**PROBLEM TO SOLVE**
After reading the data below, copy out every line that contains the word "thesis".

Records from a data collection:
───

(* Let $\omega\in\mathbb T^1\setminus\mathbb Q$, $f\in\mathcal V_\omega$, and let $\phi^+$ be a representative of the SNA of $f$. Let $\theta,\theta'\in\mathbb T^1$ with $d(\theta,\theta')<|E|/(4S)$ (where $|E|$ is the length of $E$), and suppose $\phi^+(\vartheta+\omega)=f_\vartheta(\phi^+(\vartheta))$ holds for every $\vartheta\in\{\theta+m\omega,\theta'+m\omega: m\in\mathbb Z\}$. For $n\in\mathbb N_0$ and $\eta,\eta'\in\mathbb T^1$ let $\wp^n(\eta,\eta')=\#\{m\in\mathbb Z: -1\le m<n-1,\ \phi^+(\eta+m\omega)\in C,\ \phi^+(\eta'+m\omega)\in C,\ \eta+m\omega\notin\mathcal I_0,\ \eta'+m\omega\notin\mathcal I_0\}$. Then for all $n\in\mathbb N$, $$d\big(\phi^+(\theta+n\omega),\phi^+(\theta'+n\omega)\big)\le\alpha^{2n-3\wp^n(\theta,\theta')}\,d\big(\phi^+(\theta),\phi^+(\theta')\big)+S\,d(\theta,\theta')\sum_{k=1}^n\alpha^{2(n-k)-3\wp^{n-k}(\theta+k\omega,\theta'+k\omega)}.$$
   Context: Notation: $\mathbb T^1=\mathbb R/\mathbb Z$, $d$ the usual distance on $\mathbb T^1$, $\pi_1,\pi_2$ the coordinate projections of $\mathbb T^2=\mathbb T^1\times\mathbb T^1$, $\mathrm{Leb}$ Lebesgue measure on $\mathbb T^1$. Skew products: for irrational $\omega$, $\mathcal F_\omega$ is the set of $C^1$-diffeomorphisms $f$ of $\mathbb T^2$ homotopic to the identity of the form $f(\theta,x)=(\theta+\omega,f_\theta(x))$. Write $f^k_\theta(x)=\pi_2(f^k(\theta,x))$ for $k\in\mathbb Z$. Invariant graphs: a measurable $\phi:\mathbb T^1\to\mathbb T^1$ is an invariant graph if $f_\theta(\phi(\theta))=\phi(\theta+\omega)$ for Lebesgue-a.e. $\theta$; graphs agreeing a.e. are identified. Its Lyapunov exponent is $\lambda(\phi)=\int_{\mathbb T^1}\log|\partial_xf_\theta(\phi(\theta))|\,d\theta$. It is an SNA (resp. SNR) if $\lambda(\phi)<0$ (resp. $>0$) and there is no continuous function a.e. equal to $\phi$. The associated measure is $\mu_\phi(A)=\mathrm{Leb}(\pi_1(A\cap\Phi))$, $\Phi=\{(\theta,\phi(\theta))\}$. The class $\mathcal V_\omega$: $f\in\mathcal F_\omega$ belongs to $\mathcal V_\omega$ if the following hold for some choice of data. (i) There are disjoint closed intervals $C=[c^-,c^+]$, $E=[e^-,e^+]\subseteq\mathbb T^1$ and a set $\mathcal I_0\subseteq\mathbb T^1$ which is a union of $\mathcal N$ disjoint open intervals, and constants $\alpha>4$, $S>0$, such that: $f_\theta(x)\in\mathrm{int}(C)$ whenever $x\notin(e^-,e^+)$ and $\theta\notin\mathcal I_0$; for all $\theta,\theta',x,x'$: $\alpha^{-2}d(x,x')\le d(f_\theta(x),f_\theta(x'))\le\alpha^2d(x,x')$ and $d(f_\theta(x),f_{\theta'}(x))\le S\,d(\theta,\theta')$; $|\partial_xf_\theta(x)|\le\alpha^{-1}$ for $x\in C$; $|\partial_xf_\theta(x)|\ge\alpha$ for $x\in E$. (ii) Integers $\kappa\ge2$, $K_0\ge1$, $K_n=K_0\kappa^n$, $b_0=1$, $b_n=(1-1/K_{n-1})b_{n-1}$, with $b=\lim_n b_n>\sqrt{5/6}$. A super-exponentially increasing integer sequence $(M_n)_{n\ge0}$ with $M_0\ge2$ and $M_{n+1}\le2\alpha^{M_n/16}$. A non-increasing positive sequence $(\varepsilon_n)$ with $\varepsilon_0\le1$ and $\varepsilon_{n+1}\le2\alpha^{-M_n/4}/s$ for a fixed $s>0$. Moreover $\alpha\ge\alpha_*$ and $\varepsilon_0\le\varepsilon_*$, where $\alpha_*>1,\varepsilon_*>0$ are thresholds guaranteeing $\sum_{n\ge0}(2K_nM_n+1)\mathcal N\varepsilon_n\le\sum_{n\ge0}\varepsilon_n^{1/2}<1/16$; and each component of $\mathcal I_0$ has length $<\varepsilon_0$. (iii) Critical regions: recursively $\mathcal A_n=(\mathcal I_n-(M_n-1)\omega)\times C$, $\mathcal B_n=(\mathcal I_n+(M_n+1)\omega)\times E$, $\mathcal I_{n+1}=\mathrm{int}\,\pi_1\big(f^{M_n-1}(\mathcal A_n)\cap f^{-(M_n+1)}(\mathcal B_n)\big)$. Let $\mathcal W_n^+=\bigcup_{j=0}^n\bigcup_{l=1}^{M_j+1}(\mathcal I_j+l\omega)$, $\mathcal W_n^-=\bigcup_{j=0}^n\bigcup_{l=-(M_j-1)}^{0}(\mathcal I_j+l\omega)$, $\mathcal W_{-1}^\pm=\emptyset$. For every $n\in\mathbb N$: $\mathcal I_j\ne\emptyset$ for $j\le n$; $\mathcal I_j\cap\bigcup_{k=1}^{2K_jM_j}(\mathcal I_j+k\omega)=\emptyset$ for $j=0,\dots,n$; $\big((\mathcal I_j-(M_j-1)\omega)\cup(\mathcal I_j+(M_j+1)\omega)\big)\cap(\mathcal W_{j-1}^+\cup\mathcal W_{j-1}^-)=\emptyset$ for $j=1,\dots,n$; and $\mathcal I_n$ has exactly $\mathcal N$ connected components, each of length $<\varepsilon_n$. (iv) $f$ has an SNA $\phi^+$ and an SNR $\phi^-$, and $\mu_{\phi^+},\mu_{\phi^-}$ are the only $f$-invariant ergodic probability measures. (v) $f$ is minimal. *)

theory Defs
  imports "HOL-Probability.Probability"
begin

───

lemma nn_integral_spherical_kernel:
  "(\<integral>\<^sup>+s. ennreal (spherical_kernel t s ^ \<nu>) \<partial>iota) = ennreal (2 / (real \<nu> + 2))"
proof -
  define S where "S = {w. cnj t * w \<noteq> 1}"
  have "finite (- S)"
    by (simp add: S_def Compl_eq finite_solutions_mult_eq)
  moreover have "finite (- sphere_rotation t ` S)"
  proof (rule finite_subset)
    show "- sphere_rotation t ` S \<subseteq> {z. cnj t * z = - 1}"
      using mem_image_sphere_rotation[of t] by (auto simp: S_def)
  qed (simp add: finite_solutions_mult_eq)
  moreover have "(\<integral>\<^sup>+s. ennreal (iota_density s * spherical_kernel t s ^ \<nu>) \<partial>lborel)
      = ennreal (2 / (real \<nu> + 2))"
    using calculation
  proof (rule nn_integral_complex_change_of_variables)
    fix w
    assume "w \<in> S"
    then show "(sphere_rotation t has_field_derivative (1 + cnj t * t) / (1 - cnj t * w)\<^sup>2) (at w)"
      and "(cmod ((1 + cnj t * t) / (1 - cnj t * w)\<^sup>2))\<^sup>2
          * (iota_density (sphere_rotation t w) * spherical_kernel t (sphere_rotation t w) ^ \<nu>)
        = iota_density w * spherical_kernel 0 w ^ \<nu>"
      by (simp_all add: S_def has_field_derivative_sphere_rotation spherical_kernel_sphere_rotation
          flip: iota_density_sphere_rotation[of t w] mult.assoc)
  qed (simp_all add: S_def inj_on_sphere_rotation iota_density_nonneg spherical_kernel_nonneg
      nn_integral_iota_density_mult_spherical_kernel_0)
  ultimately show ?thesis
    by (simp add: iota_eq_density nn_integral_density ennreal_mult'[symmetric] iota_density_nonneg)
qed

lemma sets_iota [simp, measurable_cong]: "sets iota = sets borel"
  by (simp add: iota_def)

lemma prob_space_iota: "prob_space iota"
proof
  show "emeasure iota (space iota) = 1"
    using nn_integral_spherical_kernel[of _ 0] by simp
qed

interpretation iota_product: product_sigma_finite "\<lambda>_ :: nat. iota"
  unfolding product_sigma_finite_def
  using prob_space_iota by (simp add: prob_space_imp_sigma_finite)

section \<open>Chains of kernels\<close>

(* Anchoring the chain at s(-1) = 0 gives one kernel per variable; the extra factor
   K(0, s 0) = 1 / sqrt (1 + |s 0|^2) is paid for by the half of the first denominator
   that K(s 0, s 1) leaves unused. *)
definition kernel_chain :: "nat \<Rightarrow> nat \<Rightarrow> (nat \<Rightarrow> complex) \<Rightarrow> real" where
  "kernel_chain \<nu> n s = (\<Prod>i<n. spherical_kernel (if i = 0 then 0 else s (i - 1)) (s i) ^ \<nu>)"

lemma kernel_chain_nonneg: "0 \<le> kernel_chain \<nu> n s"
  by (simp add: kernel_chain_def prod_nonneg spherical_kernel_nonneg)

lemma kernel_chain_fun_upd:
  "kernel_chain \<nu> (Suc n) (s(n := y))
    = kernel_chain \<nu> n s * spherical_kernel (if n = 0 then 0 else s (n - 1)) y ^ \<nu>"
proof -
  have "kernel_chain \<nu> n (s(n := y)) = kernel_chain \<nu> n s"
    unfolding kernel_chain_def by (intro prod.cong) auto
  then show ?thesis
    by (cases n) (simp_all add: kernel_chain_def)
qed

───

**ANSWER SPACE**
  ultimately show ?thesis
  then show ?thesis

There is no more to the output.